Although for all my life I have been much nearer poor than rich, I have inherited a symptom of richness: I have a strong propensity for idleness. Somewhere within me lurks an unregenerate creature which feels that money ought to fall from the sky, like rain. Should it fail to do so – too bad: like a farmer enduring drought one would get by somehow, or go under, which would be unpleasant but not so unpleasant as having blighted one’s days by bothering about money. Naturally I always knew that one did in fact have to bother, and to some extent I did so, but only to the least possible extent. This meant that although I never went so far as to choose to do nothing, I did find it almost impossible to do anything I didn’t want to do.

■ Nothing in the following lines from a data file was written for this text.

lemma reduced_homology_trivial_simplex:
  assumes "finite V" "x \<in> V"
  shows "reduced_homology_trivial (Pow V) i"
  unfolding reduced_homology_trivial_def
proof (intro allI impI, elim conjE)
  fix z assume z: "is_chain (Pow V) i z" and cycle: "bd (Pow V) z = (\<lambda>_. 0)"
  have "is_chain (Pow V) (i + 1) (cone x V z)"
    unfolding is_chain_def
  proof (intro allI impI)
    fix t assume "cone x V z t \<noteq> 0"
    then have t: "x \<in> t" "t \<subseteq> V" "z (t - {x}) \<noteq> 0" by (auto simp: cone_def split: if_splits)
    from is_chainD[OF z t(3)] have "finite t" "int (card (t - {x})) = i + 1" by simp_all
    moreover from \<open>finite t\<close> t(1) have "card t = Suc (card (t - {x}))"
      by (rule card_Suc_Diff1[symmetric])
    then have "int (card t) = int (card (t - {x})) + 1" by simp
    ultimately show "t \<in> Pow V \<and> finite t \<and> int (card t) = i + 1 + 1"
      using t(2) by simp
  qed
  moreover have "boundary V (cone x V z) s = z s" for s
  proof (cases "s \<subseteq> V")
    case True
    have "boundary V z = (\<lambda>_. 0)" using cycle by (simp add: bd_eq_boundary)
    then show ?thesis using boundary_cone[OF assms True, of z] by (simp add: cone_def)
  next
    case False
    then show ?thesis using is_chainD(1)[OF z, of s] by (auto simp: boundary_def cone_def)
  qed
  ultimately show "\<exists>c. is_chain (Pow V) (i + 1) c \<and> bd (Pow V) c = z"
    by (auto simp: bd_eq_boundary fun_eq_iff)
qed

section \<open>Deletion and link of a set\<close>

definition deletion :: "'a set set \<Rightarrow> 'a set \<Rightarrow> 'a set set" where
  "deletion K F = {s \<in> K. \<not> F \<subseteq> s}"

definition link :: "'a set set \<Rightarrow> 'a set \<Rightarrow> 'a set set" where
  "link K F = {t. t \<inter> F = {} \<and> F \<union> t \<in> K}"

text \<open>The sign is chosen so that transporting chains from the star of F to its link
commutes with the boundary.\<close>
definition link_sign :: "'a::linorder set \<Rightarrow> 'a set \<Rightarrow> int" where
  "link_sign F t = (\<Prod>u\<in>t. incidence_sign F u)"

definition link_chain :: "'a::linorder set \<Rightarrow> ('a set \<Rightarrow> int) \<Rightarrow> 'a set \<Rightarrow> int" where
  "link_chain F c t = (if t \<inter> F = {} then link_sign F t * c (F \<union> t) else 0)"

definition star_chain :: "'a::linorder set \<Rightarrow> ('a set \<Rightarrow> int) \<Rightarrow> 'a set \<Rightarrow> int" where
  "star_chain F u s = (if F \<subseteq> s then link_sign F (s - F) * u (s - F) else 0)"

lemma link_sign_sq: "link_sign F t * link_sign F t = 1"
  by (simp add: link_sign_def incidence_sign_sq flip: prod.distrib)

lemma link_chain_star_chain: "t \<inter> F = {} \<Longrightarrow> link_chain F (star_chain F u) t = u t"
proof -
  assume "t \<inter> F = {}"
  then have "F \<union> t - F = t" by auto
  with \<open>t \<inter> F = {}\<close> show ?thesis
    by (simp add: link_chain_def star_chain_def mult.assoc[symmetric] link_sign_sq)
qed

lemma star_chain_link_chain: "F \<subseteq> s \<Longrightarrow> star_chain F (link_chain F c) s = c s"
proof -
  assume "F \<subseteq> s"
  then have "(s - F) \<inter> F = {}" "F \<union> (s - F) = s" by auto
  with \<open>F \<subseteq> s\<close> show ?thesis
    by (simp add: link_chain_def star_chain_def mult.assoc[symmetric] link_sign_sq)
qed

lemma boundary_link_chain:
  assumes V: "finite V" and F: "finite F" and c: "\<And>t. c t \<noteq> 0 \<Longrightarrow> finite t"
  shows "boundary V (link_chain F c) r = link_chain F (boundary V c) r"
proof (cases "r \<inter> F = {}")
  case False
  then show ?thesis by (auto simp: boundary_def link_chain_def)
next
  case disjoint: True
  show ?thesis
  proof (cases "finite r")
    case False
    then have zero: "c t = 0" if "r \<subseteq> t" for t
      using c finite_subset that by blast
    have c_ins: "c (insert v (F \<union> r)) = 0" for v
      by (rule zero) auto
    then have "link_chain F c (insert v r) = 0" for v
      by (simp add: link_chain_def)
    with c_ins show ?thesis by (simp add: boundary_def link_chain_def)
  next
    case True
    have "boundary V (link_chain F c) r
        = (\<Sum>v\<in>V - (F \<union> r). incidence_sign r v * link_chain F c (insert v r))"
      unfolding boundary_def using V by (intro sum.mono_neutral_right) (auto simp: link_chain_def)
    also have "\<dots> = (\<Sum>v\<in>V - (F \<union> r).
        link_sign F r * (incidence_sign (F \<union> r) v * c (insert v (F \<union> r))))"
      using True disjoint F
      by (intro sum.cong) (auto simp: link_chain_def link_sign_def incidence_sign_Un)
    also have "\<dots> = link_chain F (boundary V c) r"
      using disjoint by (simp add: link_chain_def boundary_def sum_distrib_left)
    finally show ?thesis .
  qed
qed

lemma is_chain_link_chain:
  assumes "finite F" "is_chain K j c"
  shows "is_chain (link K F) (j - int (card F)) (link_chain F c)"
  unfolding is_chain_def
proof (intro allI impI)
  fix t assume "link_chain F c t \<noteq> 0"
  then have t: "t \<inter> F = {}" "c (F \<union> t) \<noteq> 0" by (auto simp: link_chain_def split: if_splits)
  note Ft = is_chainD[OF assms(2) t(2)]
  then have "card (F \<union> t) = card F + card t" using t assms(1) by (intro card_Un_disjoint) auto
  with Ft t show "t \<in> link K F \<and> finite t \<and> int (card t) = j - int (card F) + 1"
    by (auto simp: link_def)
qed

lemma is_chain_star_chain:
  assumes "finite F" "is_chain (link K F) j u"
  shows "is_chain K (j + int (card F)) (star_chain F u)"
  unfolding is_chain_def
proof (intro allI impI)
  fix s assume "star_chain F u s \<noteq> 0"
  then have s: "F \<subseteq> s" "u (s - F) \<noteq> 0" by (auto simp: star_chain_def split: if_splits)
  note sF = is_chainD[OF assms(2) s(2)]
  have "s = F \<union> (s - F)" using s(1) by auto
  moreover have "card (F \<union> (s - F)) = card F + card (s - F)"
    using assms(1) sF by (intro card_Un_disjoint) auto
  ultimately show "s \<in> K \<and> finite s \<and> int (card s) = j + int (card F) + 1"
    using sF assms(1) by (auto simp: link_def)
qed

lemma is_chain_diff:
  assumes "is_chain K j c" "is_chain K j d"
  shows "is_chain K j (\<lambda>s. c s - d s)"
  unfolding is_chain_def
proof (intro allI impI)
  fix s assume "c s - d s \<noteq> 0"
  then have "c s \<noteq> 0 \<or> d s \<noteq> 0" by auto
  then show "s \<in> K \<and> finite s \<and> int (card s) = j + 1"
    using is_chainD[OF assms(1)] is_chainD[OF assms(2)] by blast
qed

lemma link_chain_star_chain_of_link:
  assumes "is_chain (link K F) j u"
  shows "link_chain F (star_chain F u) = u"
proof
  fix t
  show "link_chain F (star_chain F u) t = u t"
  proof (cases "t \<inter> F = {}")
    case False
    then have "u t = 0" using is_chainD(1)[OF assms, of t] by (auto simp: link_def)
    with False show ?thesis by (simp add: link_chain_def)
  qed (rule link_chain_star_chain)
qed

lemma star_correction:
  assumes V: "finite V" and F: "finite F"
    and closed: "\<And>s t. s \<in> K \<Longrightarrow> t \<subseteq> s \<Longrightarrow> t \<in> K"
    and c: "is_chain K (i + 1) c"
    and u: "is_chain (link K F) (i + 1 - int (card F) + 1) u"
    and bu: "boundary V u = link_chain F c"
  defines "c' \<equiv> \<lambda>s. c s - boundary V (star_chain F u) s"
  shows "is_chain (deletion K F) (i + 1) c'" and "boundary V c' = boundary V c"
proof -
  define b where "b = star_chain F u"
  have b: "is_chain K (i + 1 + 1) b"
    using is_chain_star_chain[OF F u] by (simp add: b_def add.commute add.left_commute)
  have fin_b: "\<And>t. b t \<noteq> 0 \<Longrightarrow> finite t" using is_chainD(2)[OF b] .
  have "link_chain F (boundary V b) = boundary V (link_chain F b)"
    using boundary_link_chain[where c = b, OF V F fin_b] by (simp add: fun_eq_iff)
  also have "\<dots> = link_chain F c"
    using link_chain_star_chain_of_link[OF u] bu by (simp add: b_def)
  finally have link_bb: "link_chain F (boundary V b) = link_chain F c" .
  have "is_chain K (i + 1) c'"
    unfolding c'_def b_def[symmetric] by (intro is_chain_diff c is_chain_boundary[OF closed b])
  moreover have "c' s = 0" if "F \<subseteq> s" for s
    using star_chain_link_chain[OF that, of c] star_chain_link_chain[OF that, of "boundary V b"]
    by (simp add: c'_def b_def[symmetric] link_bb)
  ultimately show "is_chain (deletion K F) (i + 1) c'"
    by (auto simp: is_chain_def deletion_def)
  show "boundary V c' = boundary V c"
    using boundary_boundary[where c = b, OF V fin_b]
    by (simp add: c'_def b_def[symmetric] boundary_diff fun_eq_iff)
qed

Whether it was `cannot’ or `will not’ I don’t know, but it felt like `cannot’; and the things I could not do included many of the things a publisher had to do.

A publishing firm is a complicated business which has to buy, sell and manufacture or cause to be manufactured. What it buys and sells is products of people’s imaginations, the materials for making books, and a variety of legal rights. What it manufactures is never the same from one item to the next. So a publisher must be able to understand and control a complex financial and technical structure; he must be a smart negotiator, good at bargaining; he must have a shrewd instinct for when to lash out and when to penny-pinch; he must be able efficiently to administer an office full of people, or to see that it is efficiently administered; and above all he must be able to sell his wares in all their forms. Against this, all I have ever been able to do with money is spend it; I loathe responsibility and telling people what to do; and above all I am incapable of selling anything to anyone. Not being a fool, I was well aware of the importance of all the aspects of my trade which I couldn’t and didn’t want to master, and even came to know a fair amount about them. But although I felt guilty about my own incapacities, the only part of the business that I could ever bring myself truly to mind about was the choosing and editing of books. This is certainly a very important part of the publishing process, but without all the rest of it, it would amount to nothing.

So I was not a publisher. I was an editor.

And even as an editor, a job which I thoroughly enjoyed, I betrayed my amateurish nature by drawing the line at working outside office hours. The working breakfast, and taking work home at weekends – two activities regarded by many as necessary evidence of commitment, both of them much indulged in by that born publisher, André Deutsch – were to me an abomination. Very rarely someone from my work moved over into my private life, but generally office and home were far apart, and home was much more important than office. And whereas I was ashamed of my limitations within the office, I was not ashamed of valuing my private life more highly than my work: that, to my mind, is what everyone ought to do.

In spite of this, being an editor did enlarge and extend my life in a way for which I am deeply grateful. It gave me a daily occupation which brought in enough money to live on and which was almost always enjoyable, and it constantly proved the truth of that ancient cliché about working in publishing: You Meet Such Interesting People. The first part of this book is about the daily occupation. The second part is about some of the people.